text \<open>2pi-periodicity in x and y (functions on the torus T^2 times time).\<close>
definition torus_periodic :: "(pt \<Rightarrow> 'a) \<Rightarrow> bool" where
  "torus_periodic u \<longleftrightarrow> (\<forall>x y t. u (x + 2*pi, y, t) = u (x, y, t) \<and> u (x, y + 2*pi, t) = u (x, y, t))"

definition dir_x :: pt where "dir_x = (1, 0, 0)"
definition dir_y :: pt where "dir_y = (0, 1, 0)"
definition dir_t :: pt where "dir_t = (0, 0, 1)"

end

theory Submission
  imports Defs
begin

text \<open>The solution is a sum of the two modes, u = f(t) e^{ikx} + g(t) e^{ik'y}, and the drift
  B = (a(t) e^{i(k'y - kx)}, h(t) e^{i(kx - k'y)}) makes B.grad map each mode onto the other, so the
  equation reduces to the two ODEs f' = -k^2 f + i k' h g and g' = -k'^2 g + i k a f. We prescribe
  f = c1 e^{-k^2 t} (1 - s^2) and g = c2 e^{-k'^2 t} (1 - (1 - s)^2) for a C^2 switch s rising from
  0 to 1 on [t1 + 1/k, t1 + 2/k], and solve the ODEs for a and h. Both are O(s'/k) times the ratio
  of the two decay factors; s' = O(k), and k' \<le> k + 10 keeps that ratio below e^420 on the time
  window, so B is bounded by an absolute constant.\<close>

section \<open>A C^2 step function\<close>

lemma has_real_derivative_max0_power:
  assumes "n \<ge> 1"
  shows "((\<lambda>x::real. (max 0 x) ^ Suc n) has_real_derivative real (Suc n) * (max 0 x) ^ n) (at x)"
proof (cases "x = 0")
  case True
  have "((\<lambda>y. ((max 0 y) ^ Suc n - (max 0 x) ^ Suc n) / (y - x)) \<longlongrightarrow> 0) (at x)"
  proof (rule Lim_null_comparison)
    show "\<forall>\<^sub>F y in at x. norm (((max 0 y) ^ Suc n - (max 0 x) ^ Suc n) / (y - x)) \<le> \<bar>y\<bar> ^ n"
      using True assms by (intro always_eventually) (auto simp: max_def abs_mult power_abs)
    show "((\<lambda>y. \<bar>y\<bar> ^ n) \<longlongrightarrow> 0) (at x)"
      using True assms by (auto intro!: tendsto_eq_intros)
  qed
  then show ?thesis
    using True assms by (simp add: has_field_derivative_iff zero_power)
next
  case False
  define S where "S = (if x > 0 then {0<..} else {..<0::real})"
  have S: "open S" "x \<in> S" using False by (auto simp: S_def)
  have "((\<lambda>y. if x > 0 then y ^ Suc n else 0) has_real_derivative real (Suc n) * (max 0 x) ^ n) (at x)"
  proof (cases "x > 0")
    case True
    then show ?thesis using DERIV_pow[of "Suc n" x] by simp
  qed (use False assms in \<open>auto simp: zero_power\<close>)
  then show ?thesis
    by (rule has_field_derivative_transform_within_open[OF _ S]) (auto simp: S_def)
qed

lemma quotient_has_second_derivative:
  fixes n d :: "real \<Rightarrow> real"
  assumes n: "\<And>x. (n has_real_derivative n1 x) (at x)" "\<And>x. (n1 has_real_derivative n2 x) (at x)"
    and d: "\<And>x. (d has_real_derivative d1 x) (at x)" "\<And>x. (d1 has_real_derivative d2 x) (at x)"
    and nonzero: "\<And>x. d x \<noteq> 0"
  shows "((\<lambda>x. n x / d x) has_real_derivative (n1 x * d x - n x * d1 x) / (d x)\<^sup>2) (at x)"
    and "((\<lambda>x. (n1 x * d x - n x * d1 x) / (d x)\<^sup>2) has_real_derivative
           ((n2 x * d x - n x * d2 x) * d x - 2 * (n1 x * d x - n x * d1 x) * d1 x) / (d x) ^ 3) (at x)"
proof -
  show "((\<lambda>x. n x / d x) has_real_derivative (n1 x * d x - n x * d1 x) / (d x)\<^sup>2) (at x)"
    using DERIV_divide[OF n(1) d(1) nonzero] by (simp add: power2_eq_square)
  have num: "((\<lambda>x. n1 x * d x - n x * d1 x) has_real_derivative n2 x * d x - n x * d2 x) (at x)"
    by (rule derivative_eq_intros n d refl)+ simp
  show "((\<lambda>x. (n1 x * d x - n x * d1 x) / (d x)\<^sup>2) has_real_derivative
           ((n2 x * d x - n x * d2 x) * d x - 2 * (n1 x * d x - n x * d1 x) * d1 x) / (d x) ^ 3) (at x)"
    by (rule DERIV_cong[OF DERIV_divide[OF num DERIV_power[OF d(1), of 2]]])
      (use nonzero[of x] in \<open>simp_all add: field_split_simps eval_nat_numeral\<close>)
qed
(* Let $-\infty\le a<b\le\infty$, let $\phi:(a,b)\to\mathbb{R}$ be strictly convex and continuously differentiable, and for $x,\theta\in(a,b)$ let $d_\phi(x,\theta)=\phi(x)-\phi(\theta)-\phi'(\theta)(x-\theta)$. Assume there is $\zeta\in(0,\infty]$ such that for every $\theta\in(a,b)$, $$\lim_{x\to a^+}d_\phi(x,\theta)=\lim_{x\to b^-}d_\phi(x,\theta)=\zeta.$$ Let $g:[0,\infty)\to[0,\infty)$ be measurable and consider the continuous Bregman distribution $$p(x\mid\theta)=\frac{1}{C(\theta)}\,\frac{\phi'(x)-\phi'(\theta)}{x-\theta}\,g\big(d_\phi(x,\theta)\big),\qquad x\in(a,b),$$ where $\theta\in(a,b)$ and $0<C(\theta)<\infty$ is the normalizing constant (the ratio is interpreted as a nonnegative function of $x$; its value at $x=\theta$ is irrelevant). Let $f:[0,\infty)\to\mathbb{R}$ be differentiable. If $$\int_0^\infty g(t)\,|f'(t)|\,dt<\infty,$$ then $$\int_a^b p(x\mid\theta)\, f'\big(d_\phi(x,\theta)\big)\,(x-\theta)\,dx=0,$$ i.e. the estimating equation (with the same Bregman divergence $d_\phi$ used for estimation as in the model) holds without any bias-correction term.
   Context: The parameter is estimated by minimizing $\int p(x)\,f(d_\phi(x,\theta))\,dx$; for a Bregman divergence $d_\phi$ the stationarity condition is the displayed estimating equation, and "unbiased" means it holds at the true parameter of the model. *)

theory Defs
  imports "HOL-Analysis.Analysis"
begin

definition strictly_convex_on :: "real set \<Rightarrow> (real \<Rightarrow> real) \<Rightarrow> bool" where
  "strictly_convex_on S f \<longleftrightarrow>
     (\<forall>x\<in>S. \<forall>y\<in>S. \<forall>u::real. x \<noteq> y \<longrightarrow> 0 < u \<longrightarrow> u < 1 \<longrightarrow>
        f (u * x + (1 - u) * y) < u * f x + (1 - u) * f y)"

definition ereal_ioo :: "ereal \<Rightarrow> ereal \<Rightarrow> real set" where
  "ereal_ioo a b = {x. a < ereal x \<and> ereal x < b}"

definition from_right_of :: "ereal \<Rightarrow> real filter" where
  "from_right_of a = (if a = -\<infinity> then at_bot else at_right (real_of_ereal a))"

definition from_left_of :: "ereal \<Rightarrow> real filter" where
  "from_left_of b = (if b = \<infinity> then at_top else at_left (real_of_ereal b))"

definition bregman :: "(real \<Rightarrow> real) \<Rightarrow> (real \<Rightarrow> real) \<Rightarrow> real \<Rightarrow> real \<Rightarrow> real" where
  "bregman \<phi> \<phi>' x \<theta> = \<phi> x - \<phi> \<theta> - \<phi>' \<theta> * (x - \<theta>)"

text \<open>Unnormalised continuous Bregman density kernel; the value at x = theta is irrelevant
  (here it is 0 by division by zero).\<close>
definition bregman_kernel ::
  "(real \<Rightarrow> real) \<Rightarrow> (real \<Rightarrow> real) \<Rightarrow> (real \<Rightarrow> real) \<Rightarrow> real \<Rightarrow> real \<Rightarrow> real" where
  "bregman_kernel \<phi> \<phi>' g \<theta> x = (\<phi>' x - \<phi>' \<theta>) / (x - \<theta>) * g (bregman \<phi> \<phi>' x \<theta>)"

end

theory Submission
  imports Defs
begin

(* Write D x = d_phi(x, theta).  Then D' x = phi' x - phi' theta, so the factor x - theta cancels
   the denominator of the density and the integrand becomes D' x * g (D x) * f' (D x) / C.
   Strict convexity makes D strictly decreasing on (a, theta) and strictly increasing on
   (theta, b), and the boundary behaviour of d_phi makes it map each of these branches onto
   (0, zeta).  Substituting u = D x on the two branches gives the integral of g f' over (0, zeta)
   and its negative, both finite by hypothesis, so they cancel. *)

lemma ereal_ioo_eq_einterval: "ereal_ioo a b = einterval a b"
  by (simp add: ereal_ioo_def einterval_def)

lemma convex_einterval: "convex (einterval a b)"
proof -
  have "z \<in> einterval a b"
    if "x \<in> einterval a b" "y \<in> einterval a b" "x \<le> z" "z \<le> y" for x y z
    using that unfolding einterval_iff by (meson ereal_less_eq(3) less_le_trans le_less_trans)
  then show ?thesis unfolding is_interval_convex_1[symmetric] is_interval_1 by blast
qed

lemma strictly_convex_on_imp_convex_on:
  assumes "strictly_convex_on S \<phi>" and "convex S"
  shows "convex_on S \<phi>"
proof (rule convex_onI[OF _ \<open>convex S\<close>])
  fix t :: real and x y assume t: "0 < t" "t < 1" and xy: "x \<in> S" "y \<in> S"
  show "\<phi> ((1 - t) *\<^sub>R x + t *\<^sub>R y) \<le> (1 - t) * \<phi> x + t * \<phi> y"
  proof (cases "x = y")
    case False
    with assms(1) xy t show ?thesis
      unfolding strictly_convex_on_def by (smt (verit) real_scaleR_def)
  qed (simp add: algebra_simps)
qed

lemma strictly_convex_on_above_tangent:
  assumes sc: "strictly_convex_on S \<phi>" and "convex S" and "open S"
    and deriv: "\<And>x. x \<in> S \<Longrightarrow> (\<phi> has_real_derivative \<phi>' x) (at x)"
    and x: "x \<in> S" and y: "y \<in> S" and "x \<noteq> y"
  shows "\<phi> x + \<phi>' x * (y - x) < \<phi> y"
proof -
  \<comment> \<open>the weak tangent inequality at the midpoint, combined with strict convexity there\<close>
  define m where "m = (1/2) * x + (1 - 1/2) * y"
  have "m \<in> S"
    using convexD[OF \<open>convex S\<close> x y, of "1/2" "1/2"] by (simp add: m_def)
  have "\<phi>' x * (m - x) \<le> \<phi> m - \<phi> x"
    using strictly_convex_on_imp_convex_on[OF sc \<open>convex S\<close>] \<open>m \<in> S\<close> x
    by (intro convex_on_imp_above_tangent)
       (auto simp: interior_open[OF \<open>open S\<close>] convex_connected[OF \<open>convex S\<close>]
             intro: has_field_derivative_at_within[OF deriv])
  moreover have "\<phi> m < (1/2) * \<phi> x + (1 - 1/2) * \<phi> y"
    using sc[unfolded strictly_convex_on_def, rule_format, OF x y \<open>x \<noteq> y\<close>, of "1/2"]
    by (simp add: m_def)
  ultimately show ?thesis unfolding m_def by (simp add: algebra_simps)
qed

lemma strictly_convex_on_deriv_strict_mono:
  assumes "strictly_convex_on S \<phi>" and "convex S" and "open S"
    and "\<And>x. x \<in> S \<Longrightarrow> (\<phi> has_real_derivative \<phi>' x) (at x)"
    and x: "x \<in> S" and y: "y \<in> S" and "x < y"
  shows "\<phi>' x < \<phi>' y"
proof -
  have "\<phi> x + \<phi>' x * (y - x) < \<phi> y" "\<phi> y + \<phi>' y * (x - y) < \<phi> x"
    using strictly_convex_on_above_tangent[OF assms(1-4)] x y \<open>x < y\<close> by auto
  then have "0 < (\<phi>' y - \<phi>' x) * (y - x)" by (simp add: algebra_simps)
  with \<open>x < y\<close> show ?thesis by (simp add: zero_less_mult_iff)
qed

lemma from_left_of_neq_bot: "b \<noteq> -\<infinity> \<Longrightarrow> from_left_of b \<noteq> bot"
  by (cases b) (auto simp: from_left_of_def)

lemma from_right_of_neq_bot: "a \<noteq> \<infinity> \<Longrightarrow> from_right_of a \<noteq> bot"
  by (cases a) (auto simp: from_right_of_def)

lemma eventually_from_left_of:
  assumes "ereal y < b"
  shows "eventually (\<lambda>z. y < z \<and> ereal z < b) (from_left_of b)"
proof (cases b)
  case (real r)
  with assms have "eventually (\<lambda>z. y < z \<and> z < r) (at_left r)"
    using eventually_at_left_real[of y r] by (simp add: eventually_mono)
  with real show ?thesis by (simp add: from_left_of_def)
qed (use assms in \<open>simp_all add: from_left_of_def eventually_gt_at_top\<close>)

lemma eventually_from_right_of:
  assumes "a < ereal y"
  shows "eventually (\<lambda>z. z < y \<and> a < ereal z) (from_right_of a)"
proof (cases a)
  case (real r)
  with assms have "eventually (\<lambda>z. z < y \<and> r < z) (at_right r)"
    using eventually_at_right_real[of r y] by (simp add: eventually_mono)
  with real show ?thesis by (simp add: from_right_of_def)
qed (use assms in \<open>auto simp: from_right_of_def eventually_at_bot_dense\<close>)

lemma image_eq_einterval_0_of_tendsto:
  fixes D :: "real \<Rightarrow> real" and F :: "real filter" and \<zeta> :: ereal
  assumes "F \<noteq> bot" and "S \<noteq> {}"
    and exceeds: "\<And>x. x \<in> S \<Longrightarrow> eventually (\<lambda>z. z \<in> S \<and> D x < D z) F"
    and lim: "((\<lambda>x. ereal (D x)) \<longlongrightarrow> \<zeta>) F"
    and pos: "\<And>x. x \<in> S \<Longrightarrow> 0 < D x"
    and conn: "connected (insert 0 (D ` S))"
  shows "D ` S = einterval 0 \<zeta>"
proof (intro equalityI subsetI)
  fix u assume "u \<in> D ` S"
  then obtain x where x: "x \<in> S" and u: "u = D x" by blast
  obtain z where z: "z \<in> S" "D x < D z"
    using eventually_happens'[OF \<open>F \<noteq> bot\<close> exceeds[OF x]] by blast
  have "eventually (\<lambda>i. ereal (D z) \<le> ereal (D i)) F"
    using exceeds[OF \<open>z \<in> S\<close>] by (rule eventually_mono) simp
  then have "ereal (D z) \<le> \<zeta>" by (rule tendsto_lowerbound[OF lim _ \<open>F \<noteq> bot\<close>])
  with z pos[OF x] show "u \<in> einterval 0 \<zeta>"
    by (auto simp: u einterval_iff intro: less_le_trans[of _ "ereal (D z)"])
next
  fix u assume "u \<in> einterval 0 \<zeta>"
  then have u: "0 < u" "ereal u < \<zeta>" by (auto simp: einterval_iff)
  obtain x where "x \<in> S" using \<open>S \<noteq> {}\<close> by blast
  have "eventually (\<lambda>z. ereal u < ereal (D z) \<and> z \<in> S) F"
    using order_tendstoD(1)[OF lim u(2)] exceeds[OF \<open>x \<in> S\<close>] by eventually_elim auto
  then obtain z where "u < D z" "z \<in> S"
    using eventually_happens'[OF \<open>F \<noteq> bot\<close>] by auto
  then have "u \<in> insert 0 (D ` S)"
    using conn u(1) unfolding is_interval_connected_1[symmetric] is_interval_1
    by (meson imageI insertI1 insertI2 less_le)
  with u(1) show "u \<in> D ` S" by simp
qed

■ PROBLEM STATEMENT:
When you reach the line containing "and \<zeta> :: ereal" in the data above, start copying exactly, and stop after the line containing "using \<open>S \<noteq>".

■ ANSWER AREA:
  fixes D :: "real \<Rightarrow> real" and F :: "real filter" and \<zeta> :: ereal
  assumes "F \<noteq> bot" and "S \<noteq> {}"
    and exceeds: "\<And>x. x \<in> S \<Longrightarrow> eventually (\<lambda>z. z \<in> S \<and> D x < D z) F"
    and lim: "((\<lambda>x. ereal (D x)) \<longlongrightarrow> \<zeta>) F"
    and pos: "\<And>x. x \<in> S \<Longrightarrow> 0 < D x"
    and conn: "connected (insert 0 (D ` S))"
  shows "D ` S = einterval 0 \<zeta>"
proof (intro equalityI subsetI)
  fix u assume "u \<in> D ` S"
  then obtain x where x: "x \<in> S" and u: "u = D x" by blast
  obtain z where z: "z \<in> S" "D x < D z"
    using eventually_happens'[OF \<open>F \<noteq> bot\<close> exceeds[OF x]] by blast
  have "eventually (\<lambda>i. ereal (D z) \<le> ereal (D i)) F"
    using exceeds[OF \<open>z \<in> S\<close>] by (rule eventually_mono) simp
  then have "ereal (D z) \<le> \<zeta>" by (rule tendsto_lowerbound[OF lim _ \<open>F \<noteq> bot\<close>])
  with z pos[OF x] show "u \<in> einterval 0 \<zeta>"
    by (auto simp: u einterval_iff intro: less_le_trans[of _ "ereal (D z)"])
next
  fix u assume "u \<in> einterval 0 \<zeta>"
  then have u: "0 < u" "ereal u < \<zeta>" by (auto simp: einterval_iff)
  obtain x where "x \<in> S" using \<open>S \<noteq> {}\<close> by blast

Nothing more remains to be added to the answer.